START Recorded information
(* Let $s\ge1$ and let $\mathcal{G}_{2s}\subset GL_{2s}(\mathbb{Z})$ be the group generated by the linear maps $\sigma_1,\dotsc,\sigma_{2s}$ of $\mathbb{Z}^{2s}$ given in coordinates $k=(k_1,\dotsc,k_{2s})$ by \[ \sigma_1:\ k_1\mapsto k_1,\quad k_j\mapsto k_j+k_1\ (j>1); \] \[ \sigma_i\ (2\le i\le 2s):\ k_{i-1}\mapsto 2k_{i-1}-k_i,\quad k_i\mapsto k_{i-1},\quad k_j\mapsto k_j\ (j\ne i-1,i). \] For nonzero $k\in\mathbb{Z}^{2s}$ put $\gamma(k)=\gcd(k_1,\dotsc,k_{2s})$, $\alpha(k)=\#\{i:\ k_i/\gamma(k)\equiv1\pmod2\}$ and $\delta(k)=|2\alpha(k)-2s-1|$. Then the map $k\mapsto(\gamma(k),\delta(k))$ induces a bijection between the set of orbits of $\mathcal{G}_{2s}$ on $\mathbb{Z}^{2s}\setminus\{0\}$ and the set of pairs $(\gamma,\delta)$ with $\gamma\in\mathbb{Z}_{>0}$ and $\delta\in\{1,3,5,\dotsc,2s-1\}$. *)

theory Defs
  imports Main
begin

text \<open>Vectors of Z^n, coordinates indexed 1..n, zero outside.\<close>
definition vecs :: "nat \<Rightarrow> (nat \<Rightarrow> int) set" where
  "vecs n = {k. \<forall>j. j \<notin> {1..n} \<longrightarrow> k j = 0}"

definition sigma :: "nat \<Rightarrow> nat \<Rightarrow> (nat \<Rightarrow> int) \<Rightarrow> (nat \<Rightarrow> int)" where
  "sigma n i k =
     (if i = 1 then (\<lambda>j. if 1 < j \<and> j \<le> n then k j + k 1 else k j)
      else (\<lambda>j. if j = i - 1 then 2 * k (i - 1) - k i
                else if j = i then k (i - 1) else k j))"

inductive_set grp :: "nat \<Rightarrow> ((nat \<Rightarrow> int) \<Rightarrow> (nat \<Rightarrow> int)) set" for n where
  grp_id: "id \<in> grp n"
| grp_gen: "g \<in> grp n \<Longrightarrow> i \<in> {1..n} \<Longrightarrow> sigma n i \<circ> g \<in> grp n"
| grp_inv: "g \<in> grp n \<Longrightarrow> i \<in> {1..n} \<Longrightarrow> inv_into (vecs n) (sigma n i) \<circ> g \<in> grp n"

definition orbit :: "nat \<Rightarrow> (nat \<Rightarrow> int) \<Rightarrow> (nat \<Rightarrow> int) set" where
  "orbit n k = {g k | g. g \<in> grp n}"

definition orbits :: "nat \<Rightarrow> (nat \<Rightarrow> int) set set" where
  "orbits n = orbit n ` (vecs n - {\<lambda>_. 0})"

definition gam :: "nat \<Rightarrow> (nat \<Rightarrow> int) \<Rightarrow> int" where
  "gam n k = Gcd (k ` {1..n})"

definition alph :: "nat \<Rightarrow> (nat \<Rightarrow> int) \<Rightarrow> nat" where
  "alph n k = card {i \<in> {1..n}. odd (k i div gam n k)}"

definition delt :: "nat \<Rightarrow> (nat \<Rightarrow> int) \<Rightarrow> int" where
  "delt s k = \<bar>2 * int (alph (2*s) k) - 2 * int s - 1\<bar>"

end

(*
  Write a vector k of Z^n as the differences k_j = x_j - x_0 of an integer sequence
  x_0, ..., x_n (diff_vec). In these coordinates sigma_i becomes the move adding
  x_(i-1) - x_i to both x_(i-1) and x_i, so orbits become classes of the relation reach.
  Moves preserve the alternating sum of x, the number of odd entries of x (a unit move swaps
  the parities of the pair) and the gcd of the differences.

  Conversely, for even n, primitive sequences with equal alternating sum and equal number of
  odd entries are connected. For n = 2 this is the Euclidean algorithm on the two differences.
  For n + 2, one first makes the block x_0..x_n primitive and the tail pair x_(n+1), x_(n+2)
  equal; the induction hypothesis then moves equal tail pairs by even amounts, and trades an
  odd tail pair for two more odd entries in the block when the parities of the tails differ.

  Finally gamma(k) is the gcd of the differences, and delta(k) = |2 alpha - n - 1| records the
  number of odd entries of x / gamma up to complementation, which is the ambiguity coming from
  the free choice of x_0; the alternating sum, which x_0 can shift arbitrarily and which has the
  parity of that number, resolves it.
*)

theory Submission
  imports Defs "HOL-Combinatorics.Transposition"
begin
(* Let $F$ be the fractal cube defined in the context, and let $Q=\{\mathcal K_\alpha:\alpha\in\{0,1\}^\infty\}\subset C(\mathbb R^3)$ be the set of its connected components. Then $Q$ is the self-similar set (attractor) in $C(\mathbb R^3)$ generated by the two contractions $\widetilde T_0,\widetilde T_1$, i.e. $Q=\widetilde T_0(Q)\cup\widetilde T_1(Q)$. Moreover there is a Hölder homeomorphism $\varphi:Q\to C_{1/3}$ onto the middle-third Cantor set $C_{1/3}\subset[0,1]$ which induces an isomorphism of the self-similar structures, i.e. $\varphi\circ\widetilde T_0=S_0\circ\varphi$ and $\varphi\circ\widetilde T_1=S_1\circ\varphi$ on $Q$, where $S_0(x)=x/3$ and $S_1(x)=x/3+2/3$.
   Context: Let $I=[0,1]^3$. Let $\mathcal D_0=\{(i,2,2),(2,i,2),(2,2,i): i=0,1,2,3,4\}\subset\{0,\ldots,4\}^3$ (the "Cross", $13$ elements) and $\mathcal D_1=\{d\in\{0,\ldots,4\}^3:\ \text{at least two coordinates of } d \text{ lie in }\{0,4\}\}$ (the "Frame": the $44$ unit cubes lying along the edges of $[0,5]^3$). Put $\mathcal D=\mathcal D_0\cup\mathcal D_1$ (a disjoint union) and let $F\subset\mathbb R^3$ be the unique non-empty compact set with $F=\frac{F+\mathcal D}{5}=\bigcup_{d\in\mathcal D}\frac{F+d}{5}$. For $i=0,1$ define the Hutchinson operator $T_i(A)=\frac{\mathcal D_i+A}{5}=\bigcup_{d\in\mathcal D_i}\frac{d+A}{5}$ on sets $A\subset\mathbb R^3$, and for a finite word $\alpha_1\cdots\alpha_k\in\{0,1\}^k$ put $T_{\alpha_1\cdots\alpha_k}=T_{\alpha_1}\circ\cdots\circ T_{\alpha_k}$. For an infinite word $\alpha=\alpha_1\alpha_2\ldots\in\{0,1\}^\infty$ put $\mathcal K_\alpha=\bigcap_{k\ge1}T_{\alpha_1\cdots\alpha_k}(I)$; each $\mathcal K_\alpha$ is a connected component of $F$ and $F=\bigcup_{\alpha}\mathcal K_\alpha$. $C(\mathbb R^3)$ denotes the hyperspace of non-empty compact subsets of $\mathbb R^3$ with the Hausdorff metric, and $\widetilde T_i:C(\mathbb R^3)\to C(\mathbb R^3)$, $\widetilde T_i(A)=T_i(A)$, is a contraction with Lipschitz constant $1/5$. *)

theory Defs
  imports "HOL-Analysis.Analysis"
begin

definition grid5 :: "(real^3) set" where
  "grid5 = {x. \<forall>k. x$k \<in> real ` {0..4::nat}}"

definition Dcross :: "(real^3) set" where
  "Dcross = {x \<in> grid5. \<exists>k. \<forall>j. j \<noteq> k \<longrightarrow> x$j = 2}"

definition Dframe :: "(real^3) set" where
  "Dframe = {x \<in> grid5. \<exists>k1 k2. k1 \<noteq> k2 \<and> x$k1 \<in> {0,4} \<and> x$k2 \<in> {0,4}}"

definition Dig :: "nat \<Rightarrow> (real^3) set" where
  "Dig i = (if i = 0 then Dcross else Dframe)"

definition Tmap :: "nat \<Rightarrow> (real^3) set \<Rightarrow> (real^3) set" where
  "Tmap i A = (\<Union>d\<in>Dig i. (\<lambda>a. (1/5) *\<^sub>R (d + a)) ` A)"

fun Tword :: "nat list \<Rightarrow> (real^3) set \<Rightarrow> (real^3) set" where
  "Tword [] A = A"
| "Tword (i # w) A = Tmap i (Tword w A)"

definition unit_cube :: "(real^3) set" where
  "unit_cube = {x. \<forall>k. 0 \<le> x$k \<and> x$k \<le> 1}"

text \<open>K_alpha for an infinite 0/1-word alpha :: nat => nat (alpha 0 is the first letter).\<close>
definition Kcomp :: "(nat \<Rightarrow> nat) \<Rightarrow> (real^3) set" where
  "Kcomp \<alpha> = (\<Inter>k\<in>{1..}. Tword (map \<alpha> [0..<k]) unit_cube)"

definition Qcomp :: "(real^3) set set" where
  "Qcomp = {Kcomp \<alpha> | \<alpha>. \<forall>n. \<alpha> n \<in> {0,1}}"

definition cantor_set :: "real set" where
  "cantor_set = {(\<Sum>n. 2 * real (a n) / 3 ^ Suc n) | a. \<forall>n. a n \<in> {0,1::nat}}"

text \<open>Hausdorff distance between non-empty compact subsets (used only on such sets).\<close>
definition hausdist :: "(real^3) set \<Rightarrow> (real^3) set \<Rightarrow> real" where
  "hausdist A B = max (SUP a\<in>A. setdist {a} B) (SUP b\<in>B. setdist {b} A)"

end

theory Submission
  imports Defs
begin

text \<open>
  T_u(X) is a union of copies 5^-n (m + X), n = |u|, with integer translations m, and the component
  K_alpha is the intersection of the nested sets T_(alpha_1...alpha_k)(I).  If alpha and beta share
  their first n letters, K_alpha and K_beta sit in the same copies of level n, so their Hausdorff
  distance is at most 3 * 5^-n.  If they first differ at position j with alpha_j = 0, then K_alpha
  meets the centre cube of the Cross in some copy of level j, and that cube keeps distance
  5^-(j+1) from the Frame cubes of the same copy and from all other copies; so the distance is at
  least 5^-(j+1).  The ternary code sum 2 alpha_n 3^-(n+1) obeys the same two bounds with 3 in
  place of 5.  Hence K_alpha |-> code(alpha) is a bijection onto the Cantor set, Hoelder with
  exponent log 3 / log 5 and with continuous inverse, and T_i(K_alpha) = K_(i alpha) makes it
  conjugate T_i to S_i.
\<close>

lemma finite_grid5: "finite grid5"
proof -
  let ?S = "real ` {0..4::nat}"
  have "grid5 \<subseteq> vec_lambda ` (PiE UNIV (\<lambda>_. ?S))"
  proof
    fix x assume "x \<in> grid5"
    then have "vec_nth x \<in> PiE UNIV (\<lambda>_. ?S)" unfolding grid5_def by auto
    then show "x \<in> vec_lambda ` (PiE UNIV (\<lambda>_. ?S))"
      by (metis image_eqI vec_nth_inverse)
  qed
  moreover have "finite (PiE (UNIV::3 set) (\<lambda>_. ?S))" by (intro finite_PiE) auto
  ultimately show ?thesis using finite_subset by blast
qed

lemma grid5_nth:
  assumes "d \<in> grid5"
  shows "d$k \<in> \<int>" and "0 \<le> d$k" and "d$k \<le> 4"
proof -
  obtain n where "d$k = real n" "n \<le> 4" using assms unfolding grid5_def by force
  then show "d$k \<in> \<int>" "0 \<le> d$k" "d$k \<le> 4" by auto
qed

lemma Dig_subset_grid5: "Dig i \<subseteq> grid5"
  unfolding Dig_def Dcross_def Dframe_def by auto

lemma finite_Dig: "finite (Dig i)"
  using finite_subset[OF Dig_subset_grid5 finite_grid5] .

lemma centre_in_Dig0: "(\<chi> k. 2) \<in> Dig 0"
proof -
  have "(2::real) \<in> real ` {0..4::nat}" by (rule image_eqI[where x=2]) auto
  then show ?thesis unfolding Dig_def Dcross_def grid5_def by simp
qed

lemma Dig_nonempty: "Dig i \<noteq> {}"
proof -
  have "(0::real) \<in> real ` {0..4::nat}" by (rule image_eqI[where x=0]) auto
  moreover have "(1::3) \<noteq> 2" by simp
  ultimately have "(\<chi> k. 0) \<in> Dframe" unfolding Dframe_def grid5_def by fastforce
  then show ?thesis using centre_in_Dig0 unfolding Dig_def by (cases "i = 0") auto
qed

lemma Tword_append: "Tword (u @ v) X = Tword u (Tword v X)"
  by (induction u) auto

lemma Tword_mono: "X \<subseteq> Y \<Longrightarrow> Tword u X \<subseteq> Tword u Y"
  by (induction u) (auto simp: Tmap_def)

lemma Tmap_unit_cube: "Tmap i unit_cube \<subseteq> unit_cube"
proof
  fix y assume "y \<in> Tmap i unit_cube"
  then obtain d x where d: "d \<in> Dig i" and x: "x \<in> unit_cube" and y: "y = (1/5) *\<^sub>R (d + x)"
    unfolding Tmap_def by auto
  have "0 \<le> y$k \<and> y$k \<le> 1" for k
  proof -
    have "0 \<le> d$k" "d$k \<le> 4" using grid5_nth d Dig_subset_grid5 by blast+
    moreover have "0 \<le> x$k" "x$k \<le> 1" using x unfolding unit_cube_def by auto
    ultimately show ?thesis unfolding y by simp
  qed
  then show "y \<in> unit_cube" unfolding unit_cube_def by blast
qed

lemma Tword_eq_UN_translates:
  "\<exists>M. finite M \<and> M \<noteq> {} \<and> (\<forall>m\<in>M. \<forall>k. m$k \<in> \<int>) \<and>
     (\<forall>X. Tword u X = (\<Union>m\<in>M. (\<lambda>x. (1/5^length u) *\<^sub>R (m + x)) ` X))"
proof (induction u)
  case Nil
  show ?case by (rule exI[where x="{0}"]) auto
next
  case (Cons i u)
  then obtain M where M: "finite M" "M \<noteq> {}" "\<forall>m\<in>M. \<forall>k. m$k \<in> \<int>"
    "\<And>X. Tword u X = (\<Union>m\<in>M. (\<lambda>x. (1/5^length u) *\<^sub>R (m + x)) ` X)" by blast
  define n where "n = length u"
  define M' where "M' = (\<lambda>(d,m). (5^n) *\<^sub>R d + m) ` (Dig i \<times> M)"
  have rescale: "(1/5) *\<^sub>R (d + (1/5^n) *\<^sub>R (m + x)) = (1/5^Suc n) *\<^sub>R (((5^n) *\<^sub>R d + m) + x)"
    for d m x :: "real^3"
    by (simp add: scaleR_add_right field_simps)
  have "finite M'" unfolding M'_def using M(1) finite_Dig by auto
  moreover have "M' \<noteq> {}" unfolding M'_def using M(2) Dig_nonempty by auto
  moreover have "\<forall>m\<in>M'. \<forall>k. m$k \<in> \<int>"
    unfolding M'_def using M(3) grid5_nth(1)[OF subsetD[OF Dig_subset_grid5]]
    by (auto intro!: Ints_add Ints_mult)
  moreover have "Tword (i#u) X = (\<Union>m\<in>M'. (\<lambda>x. (1/5^length (i#u)) *\<^sub>R (m + x)) ` X)" for X
  proof -
    have "Tword (i#u) X
        = (\<Union>d\<in>Dig i. (\<lambda>a. (1/5) *\<^sub>R (d + a)) ` (\<Union>m\<in>M. (\<lambda>x. (1/5^n) *\<^sub>R (m + x)) ` X))"
      by (simp add: Tmap_def M(4) n_def)
    also have "\<dots> = (\<Union>(d,m)\<in>Dig i \<times> M. (\<lambda>x. (1/5^Suc n) *\<^sub>R (((5^n) *\<^sub>R d + m) + x)) ` X)"
      unfolding rescale[symmetric] by auto
    also have "\<dots> = (\<Union>m\<in>M'. (\<lambda>x. (1/5^Suc n) *\<^sub>R (m + x)) ` X)"
      unfolding M'_def by auto
    finally show ?thesis by (simp add: n_def)
  qed
  ultimately show ?case by blast
qed
(* Let $\mathcal{C}$ be a nonempty class of scoring rules, each of the form \[g(x,q)=\begin{cases}\int_x^q (v-x)\,d\lambda(v) & \text{if } x\le q,\\ \int_q^x (x-v)\,d\lambda(v) & \text{if } x>q,\end{cases}\] where $\lambda$ is a measure on $\mathbb{R}$ that is mutually absolutely continuous with Lebesgue measure and finite on every bounded interval (the measure $\lambda$ may differ between members of $\mathcal{C}$). Let $\{(X_i,B_i):i\in I\}$ be a collection of pairs, each consisting of a random variable $X_i$ and a nonempty event $B_i$, with conditional previsions (forecasts) $p_i=P(X_i\mid B_i)\in\mathbb{R}\cup\{\pm\infty\}$. Then the collection $\{p_i:i\in I\}$ is coherent$_1$ if and only if it is coherent$_3$ with respect to $\mathcal{C}$.
   Context: Let $\Omega$ be a nonempty set of states $\omega$; events are subsets of $\Omega$ and random variables are real-valued functions on $\Omega$. An event $B$ is identified with its indicator function, so $B(\omega)=1$ if $\omega\in B$ and $0$ otherwise. A conditional prevision $P(X\mid B)$ is an extended real number. Coherence$_1$: a collection $\{P(X_i\mid B_i):i\in I\}$ is coherent$_1$ if for every finite $\{i_1,\dots,i_n\}\subseteq I$, all real $\alpha_1,\dots,\alpha_n$ with $\alpha_j\ge 0$ whenever $P(X_{i_j}\mid B_{i_j})=+\infty$ and $\alpha_j\le 0$ whenever $P(X_{i_j}\mid B_{i_j})=-\infty$, and all real $c_1,\dots,c_n$ with $c_j=P(X_{i_j}\mid B_{i_j})$ whenever that prevision is finite, we have $\sup_\omega \sum_{j=1}^n \alpha_j B_{i_j}(\omega)[X_{i_j}(\omega)-c_j]\ge 0$. Coherence$_3$ (with respect to a class $\mathcal{C}$ of scoring rules): forecasts $\{p_i:i\in I\}$ for the pairs $(X_i,B_i)$ are coherent$_3$ if for every finite $\{i_1,\dots,i_n\}\subseteq I$, every $g_1,\dots,g_n\in\mathcal{C}$, every set of real alternative forecasts $q_1,\dots,q_n$, and every choice of reals $c_1,\dots,c_n$ with $c_j=p_{i_j}$ when $p_{i_j}$ is finite and $c_j$ finite and lying between $q_j$ and $p_{i_j}$ when $p_{i_j}$ is infinite, we have \[\inf_\omega \sum_{j=1}^n B_{i_j}(\omega)\big[g_j(X_{i_j}(\omega),c_j)-g_j(X_{i_j}(\omega),q_j)\big]\le 0.\] *)

theory Defs
  imports "HOL-Analysis.Analysis"
begin
(* Let $q\geq4$ be an even integer, $n=q^2-1$, and let $A_0=I,A_1,A_2,A_3$ be the adjacency matrices of a symmetric 3-class association scheme on $n$ points with first eigenmatrix \[ P=\begin{bmatrix}1&\frac{q^2}{2}-q&\frac{q^2}{2}&q-2\\ 1&\frac q2&-\frac q2&-1\\ 1&-\frac q2+1&-\frac q2&q-2\\ 1&-\frac q2&\frac q2&-1\end{bmatrix}. \] Let $w_3$ be a complex number with $w_3+\frac1{w_3}+q^2-3=0$. (a) If $W=A_0+w_3(A_1+A_2+A_3)$, then $W$ and $W^{(-)}$ are inequivalent. (b) If $W=A_0+w_1A_1+w_1A_2+w_3A_3$ with $w_1=\frac{-(q-3)w_3+(q-1)}{q^2-2q-1}$, then $W$ and $W^{(-)}$ are inequivalent.
   Context: A symmetric association scheme with adjacency matrices $A_0=I,\dots,A_d$: symmetric $(0,1)$-matrices summing to $J$ whose span is closed under multiplication; with primitive idempotents $E_0=\frac1nJ,\dots,E_d$, the first eigenmatrix is defined by $A_j=\sum_iP_{i,j}E_i$. The matrices $W$ in (a) and (b) are type-II matrices, i.e. have nonzero complex entries and satisfy $W(W^{(-)})^\top=nI$, where $W^{(-)}$ is the entrywise inverse of $W$. Two type-II matrices $W_1,W_2$ are equivalent if there exist invertible diagonal matrices $D,D'$ and permutation matrices $T,T'$ with $DW_1D'=TW_2T'$. *)

theory Defs
  imports "HOL-Combinatorics.Permutations" "HOL-Library.Function_Algebras" Complex_Main
begin

type_synonym 'v cmat = "'v \<Rightarrow> 'v \<Rightarrow> complex"

definition mmult :: "'v::finite cmat \<Rightarrow> 'v cmat \<Rightarrow> 'v cmat" where
  "mmult A B = (\<lambda>x y. \<Sum>z\<in>UNIV. A x z * B z y)"

definition idm :: "'v cmat" where
  "idm = (\<lambda>x y. if x = y then 1 else 0)"

definition Jm :: "'v cmat" where
  "Jm = (\<lambda>x y. 1)"

definition smult_m :: "complex \<Rightarrow> 'v cmat \<Rightarrow> 'v cmat" where
  "smult_m c M = (\<lambda>x y. c * M x y)"

definition transp_m :: "'v cmat \<Rightarrow> 'v cmat" where
  "transp_m M = (\<lambda>x y. M y x)"

definition entry_inv :: "'v cmat \<Rightarrow> 'v cmat" where
  "entry_inv W = (\<lambda>x y. inverse (W x y))"

definition sym_assoc_scheme :: "nat \<Rightarrow> (nat \<Rightarrow> 'v::finite cmat) \<Rightarrow> bool" where
  "sym_assoc_scheme d A \<longleftrightarrow>
     A 0 = idm \<and>
     (\<forall>i\<le>d. (\<forall>x y. A i x y = 0 \<or> A i x y = 1) \<and> transp_m (A i) = A i \<and> A i \<noteq> 0) \<and>
     (\<Sum>i\<le>d. A i) = Jm \<and>
     (\<forall>i\<le>d. \<forall>j\<le>d. \<exists>c. mmult (A i) (A j) = (\<Sum>k\<le>d. smult_m (c k) (A k)))"
theorem lemma2p1:
  fixes blk :: "'n::finite \<Rightarrow> 'k::finite"
    and E :: "real^'n^'m::finite" and q :: "real^'m"
    and X :: "'k \<Rightarrow> (real^'n) set"
    and A :: "'k \<Rightarrow> real^'n^'p::finite"
    and g :: "'k \<Rightarrow> real^'p \<Rightarrow> real" and Dg :: "'k \<Rightarrow> (real^'p) set"
    and gradg :: "'k \<Rightarrow> real^'p \<Rightarrow> real^'p"
    and h :: "'k \<Rightarrow> real^'n \<Rightarrow> real" and Dh :: "'k \<Rightarrow> (real^'n) set"
    and Lip rho :: real
  defines "f \<equiv> objf blk A g h"
    and "F \<equiv> Xprod blk X \<inter> domf blk A Dg Dh"
    and "Lag \<equiv> auglag (objf blk A g h) E q rho"
    and "d \<equiv> \<lambda>y. Inf ((\<lambda>x. auglag (objf blk A g h) E q rho x y) ` (Xprod blk X \<inter> domf blk A Dg Dh))"
    and "Xmin \<equiv> \<lambda>y. {x \<in> Xprod blk X \<inter> domf blk A Dg Dh. \<forall>x' \<in> Xprod blk X \<inter> domf blk A Dg Dh.
                    auglag (objf blk A g h) E q rho x y \<le> auglag (objf blk A g h) E q rho x' y}"
    and "d0 \<equiv> \<lambda>y. (INF x\<in>Xprod blk X \<inter> domf blk A Dg Dh. ereal (objf blk A g h x + y \<bullet> (q - E *v x)))"
  assumes rho_pos: "rho > 0"
    (* A(a) *)
    and primal_attained: "\<exists>xs\<in>F. E *v xs = q \<and>
                              (\<forall>x\<in>F. E *v x = q \<longrightarrow> f xs \<le> f x)"
    and dual_attained: "\<exists>ys. d0 ys \<noteq> -\<infinity> \<and> (\<forall>y. d0 y \<le> d0 ys)"
    and slater: "Xprod blk X \<inter> interior (domf blk A Dg Dh) \<inter> {x. E *v x = q} \<noteq> {}"
    (* A(b) *)
    and g_cvx: "\<And>k. convex (Dg k) \<and> convex_on (Dg k) (g k) \<and> continuous_on (Dg k) (g k)"
    and h_cvx: "\<And>k. convex (Dh k) \<and> convex_on (Dh k) (h k) \<and> continuous_on (Dh k) (h k)"
    (* A(c) *)
    and g_strict: "\<And>k. strict_convex_on (Dg k) (g k)"
    and g_grad: "\<And>k u. u \<in> interior (Dg k) \<Longrightarrow>
                    (g k has_derivative (\<lambda>v. gradg k u \<bullet> v)) (at u)"
    and g_C1: "\<And>k. continuous_on (interior (Dg k)) (gradg k)"
    and Lip_pos: "Lip > 0"
    and g_Lip: "\<And>k xk xk'. xk \<in> X k \<Longrightarrow> xk' \<in> X k \<Longrightarrow>
        norm (transpose (A k) *v gradg k (A k *v xk) - transpose (A k) *v gradg k (A k *v xk'))
          \<le> Lip * norm (xk - xk')"
    (* A(d) *)
    and h_type: "\<And>k. admissible_h blk k (Dh k) (h k)"
    (* A(e) *)
    and h_finite: "\<And>y \<xi>. \<forall>x \<in> F. Lag x y \<le> \<xi> \<longrightarrow> (\<forall>k. blockproj blk k x \<in> Dh k)"
    (* A(f) *)
    and E_rank: "\<And>k v. v \<in> blocksub blk k \<Longrightarrow> E *v v = 0 \<Longrightarrow> v = 0"
    (* A(g) *)
    and X_poly: "\<And>k. X k \<subseteq> blocksub blk k \<and> compact (X k) \<and> polyhedron (X k)"
  shows "(\<forall>y. Xmin y \<noteq> {} \<longrightarrow>
            (\<forall>x\<in>Xmin y. \<forall>x'\<in>Xmin y. E *v x = E *v x' \<and>
               (\<forall>k. A k *v blockproj blk k x = A k *v blockproj blk k x')))
       \<and> ((\<forall>y. Xmin y \<noteq> {}) \<longrightarrow>
            (\<forall>y. d differentiable (at y) \<and>
                 (\<forall>x\<in>Xmin y. (d has_derivative (\<lambda>v. (q - E *v x) \<bullet> v)) (at y))))"
proof -
  let ?L = "\<lambda>y x. auglag (objf blk A g h) E q rho x y"
  have Xmin_eq: "Xmin y = {x. minimizes F (?L y) x}" for y
    unfolding Xmin_def F_def minimizes_def by blast
  have d_eq: "d = (\<lambda>y. Inf ((\<lambda>x. ?L y x) ` F))" unfolding d_def F_def ..
  have convex_F: "convex F"
    unfolding F_def using X_poly g_cvx h_cvx
    by (intro convex_feasible_set) (auto intro: polyhedron_imp_convex)
  have g_convex: "\<And>k. convex_on (Dg k) (g k)" and h_convex: "\<And>k. convex_on (Dh k) (h k)"
    using g_cvx h_cvx by blast+
  have convex_f: "convex_on F (objf blk A g h)"
    using convex_F g_convex h_convex unfolding F_def by (intro convex_on_objf) auto
  have unique: "E *v x = E *v x' \<and> (\<forall>k. A k *v blockproj blk k x = A k *v blockproj blk k x')"
    if "x \<in> Xmin y" "x' \<in> Xmin y" for x x' y
  proof -
    have x: "minimizes F (?L y) x" and x': "minimizes F (?L y) x'" using that Xmin_eq by auto
    have "x \<in> domf blk A Dg Dh" "x' \<in> domf blk A Dg Dh" using x x' unfolding minimizes_def F_def by auto
    then have "A k *v blockproj blk k x = A k *v blockproj blk k x'" for k
      using objf_midpoint_strict[where g = g and h = h, OF _ _ g_convex h_convex g_strict]
        minimizers_same_residual(2)[OF convex_F convex_f rho_pos x x'] by fastforce
    then show ?thesis using minimizers_same_residual(1)[OF convex_F convex_f rho_pos x x'] by blast
  qed
  have gradient: "(d has_derivative (\<lambda>v. (q - E *v x) \<bullet> v)) (at y)"
    if "\<forall>y. Xmin y \<noteq> {}" "x \<in> Xmin y" for x y
    unfolding d_eq using that Xmin_eq
    by (intro dual_has_derivative[OF convex_F convex_f rho_pos]) auto
  show ?thesis using unique gradient unfolding differentiable_def by blast
qed

end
END Recorded information
**What to produce:**
From the records, copy every line that has the string "interior" in it.

**Answer to the exercise:**
    and slater: "Xprod blk X \<inter> interior (domf blk A Dg Dh) \<inter> {x. E *v x = q} \<noteq> {}"
    and g_grad: "\<And>k u. u \<in> interior (Dg k) \<Longrightarrow>
    and g_C1: "\<And>k. continuous_on (interior (Dg k)) (gradg k)"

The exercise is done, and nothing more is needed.